Segment Start: Records provided
lemma sine_param_image: "sine_param ` {-2..2} = sine_curve"
proof -
  have "sine_param ` {-2..1} = {0} \<times> {-2..1}"
    by (auto simp: sine_param_def image_iff)
  moreover have "sine_param ` {1<..2} = (\<lambda>a. (a, cos (2 * pi / a))) ` {0<..1}"
  proof -
    have "sine_param ` {1<..2} = (\<lambda>a. (a, cos (2 * pi / a))) ` ((\<lambda>t. t - 1) ` {1<..2})"
      by (auto simp: sine_param_def image_image)
    moreover have "(\<lambda>t. t - 1) ` {1<..2} = {0<..(1::real)}"
      by (auto simp: image_iff intro!: bexI[where x = "_ + 1"])
    ultimately show ?thesis
      by simp
  qed
  moreover have "{-2..2} = {-2..1} \<union> {1<..(2::real)}"
    by auto
  ultimately show ?thesis
    unfolding sine_curve_def by (metis image_Un)
qed

lemma continuum_sine_space: "continuum sine_space"
  unfolding sine_space_def
  by (rule continuum_pullback_topology)
    (simp_all add: inj_on_sine_param sine_param_image compact_sine_curve connected_sine_curve)

definition sine_bumps :: "nat \<Rightarrow> real \<Rightarrow> real" where
  "sine_bumps n t = recip_bump n (fst (sine_param t))"

lemma sine_bumps_segment [simp]: "t \<le> 1 \<Longrightarrow> sine_bumps n t = 0"
  by (simp add: sine_bumps_def sine_param_def)

lemma sine_bumps_graph: "1 < t \<Longrightarrow> sine_bumps n t = bump n (1 / (t - 1))"
  by (simp add: sine_bumps_def sine_param_def recip_bump_pos)

lemma sine_bumps_in_C1: "sine_bumps n \<in> C1 sine_space"
proof -
  have "continuous_on UNIV (\<lambda>z :: real \<times> real. recip_bump n (fst z))"
    by (intro continuous_on_compose2[OF continuous_recip_bump] continuous_intros) auto
  then have "continuous_map sine_space euclideanreal (sine_bumps n)"
    unfolding sine_bumps_def[abs_def] by (rule continuous_map_sine_space)
  then show ?thesis
    by (auto simp: C1_def sine_bumps_def recip_bump_bounds)
qed

lemma pairwise_disjoint_sine_bumps: "pairwise_disjoint_seq sine_space sine_bumps"
  by (simp add: pairwise_disjoint_seq_def sine_bumps_def recip_bump_mult_recip_bump)

lemma suminf_sine_bumps:
  assumes "1 < t"
  shows "(\<Sum>n. sine_bumps n t) = clamp01 (2 - 3 * cos (2 * pi / (t - 1)))"
  using assms suminf_bump[of "1 / (t - 1)"] by (simp add: sine_bumps_graph)

lemma suminf_sine_bumps_range: "(\<Sum>n. sine_bumps n t) \<in> {0..1}"
  by (cases "1 < t") (simp_all add: suminf_sine_bumps clamp01_bounds)

lemma supp_sine_bumps:
  "supp sine_space (sine_bumps n) \<subseteq> {t \<in> {-2..2}. snd (sine_param t) \<in> {-1..2/3}}"
  unfolding supp_def
proof (rule closure_of_minimal)
  have "continuous_map sine_space euclideanreal (\<lambda>t. snd (sine_param t))"
    by (intro continuous_map_sine_space continuous_intros)
  then show "closedin sine_space {t \<in> {-2..2}. snd (sine_param t) \<in> {-1..2/3}}"
    using closedin_continuous_map_preimage[of sine_space euclideanreal _ "{-1..2/3}"] by simp
  show "{t \<in> topspace sine_space. sine_bumps n t \<noteq> 0}
      \<subseteq> {t \<in> {-2..2}. snd (sine_param t) \<in> {-1..2/3}}"
  proof clarify
    fix t :: real
    assume t: "t \<in> topspace sine_space" "sine_bumps n t \<noteq> 0"
    then have "1 < t"
      by (meson sine_bumps_segment not_le)
    moreover have "clamp01 (2 - 3 * cos (2 * pi / (t - 1))) \<noteq> 0"
      using t \<open>1 < t\<close> by (auto simp: sine_bumps_graph bump_def split: if_splits)
    then have "cos (2 * pi / (t - 1)) \<le> 2/3"
      by (auto simp: clamp01_def)
    ultimately show "t \<in> {-2..2} \<and> snd (sine_param t) \<in> {-1..2/3}"
      using t by (simp add: sine_param_def)
  qed
qed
Segment End: Records provided
Task brief. Reproduce the records above exactly. Leave nothing out.

Exercise output.
lemma sine_param_image: "sine_param ` {-2..2} = sine_curve"
proof -
  have "sine_param ` {-2..1} = {0} \<times> {-2..1}"
    by (auto simp: sine_param_def image_iff)
  moreover have "sine_param ` {1<..2} = (\<lambda>a. (a, cos (2 * pi / a))) ` {0<..1}"
  proof -
    have "sine_param ` {1<..2} = (\<lambda>a. (a, cos (2 * pi / a))) ` ((\<lambda>t. t - 1) ` {1<..2})"
      by (auto simp: sine_param_def image_image)
    moreover have "(\<lambda>t. t - 1) ` {1<..2} = {0<..(1::real)}"
      by (auto simp: image_iff intro!: bexI[where x = "_ + 1"])
    ultimately show ?thesis
      by simp
  qed
  moreover have "{-2..2} = {-2..1} \<union> {1<..(2::real)}"
    by auto
  ultimately show ?thesis
    unfolding sine_curve_def by (metis image_Un)
qed

lemma continuum_sine_space: "continuum sine_space"
  unfolding sine_space_def
  by (rule continuum_pullback_topology)
    (simp_all add: inj_on_sine_param sine_param_image compact_sine_curve connected_sine_curve)

definition sine_bumps :: "nat \<Rightarrow> real \<Rightarrow> real" where
  "sine_bumps n t = recip_bump n (fst (sine_param t))"

lemma sine_bumps_segment [simp]: "t \<le> 1 \<Longrightarrow> sine_bumps n t = 0"
  by (simp add: sine_bumps_def sine_param_def)

lemma sine_bumps_graph: "1 < t \<Longrightarrow> sine_bumps n t = bump n (1 / (t - 1))"
  by (simp add: sine_bumps_def sine_param_def recip_bump_pos)

lemma sine_bumps_in_C1: "sine_bumps n \<in> C1 sine_space"
proof -
  have "continuous_on UNIV (\<lambda>z :: real \<times> real. recip_bump n (fst z))"
    by (intro continuous_on_compose2[OF continuous_recip_bump] continuous_intros) auto
  then have "continuous_map sine_space euclideanreal (sine_bumps n)"
    unfolding sine_bumps_def[abs_def] by (rule continuous_map_sine_space)
  then show ?thesis
    by (auto simp: C1_def sine_bumps_def recip_bump_bounds)
qed

lemma pairwise_disjoint_sine_bumps: "pairwise_disjoint_seq sine_space sine_bumps"
  by (simp add: pairwise_disjoint_seq_def sine_bumps_def recip_bump_mult_recip_bump)

lemma suminf_sine_bumps:
  assumes "1 < t"
  shows "(\<Sum>n. sine_bumps n t) = clamp01 (2 - 3 * cos (2 * pi / (t - 1)))"
  using assms suminf_bump[of "1 / (t - 1)"] by (simp add: sine_bumps_graph)

lemma suminf_sine_bumps_range: "(\<Sum>n. sine_bumps n t) \<in> {0..1}"
  by (cases "1 < t") (simp_all add: suminf_sine_bumps clamp01_bounds)

lemma supp_sine_bumps:
  "supp sine_space (sine_bumps n) \<subseteq> {t \<in> {-2..2}. snd (sine_param t) \<in> {-1..2/3}}"
  unfolding supp_def
proof (rule closure_of_minimal)
  have "continuous_map sine_space euclideanreal (\<lambda>t. snd (sine_param t))"
    by (intro continuous_map_sine_space continuous_intros)
  then show "closedin sine_space {t \<in> {-2..2}. snd (sine_param t) \<in> {-1..2/3}}"
    using closedin_continuous_map_preimage[of sine_space euclideanreal _ "{-1..2/3}"] by simp
  show "{t \<in> topspace sine_space. sine_bumps n t \<noteq> 0}
      \<subseteq> {t \<in> {-2..2}. snd (sine_param t) \<in> {-1..2/3}}"
  proof clarify
    fix t :: real
    assume t: "t \<in> topspace sine_space" "sine_bumps n t \<noteq> 0"
    then have "1 < t"
      by (meson sine_bumps_segment not_le)
    moreover have "clamp01 (2 - 3 * cos (2 * pi / (t - 1))) \<noteq> 0"
      using t \<open>1 < t\<close> by (auto simp: sine_bumps_graph bump_def split: if_splits)
    then have "cos (2 * pi / (t - 1)) \<le> 2/3"
      by (auto simp: clamp01_def)
    ultimately show "t \<in> {-2..2} \<and> snd (sine_param t) \<in> {-1..2/3}"
      using t by (simp add: sine_param_def)
  qed
qed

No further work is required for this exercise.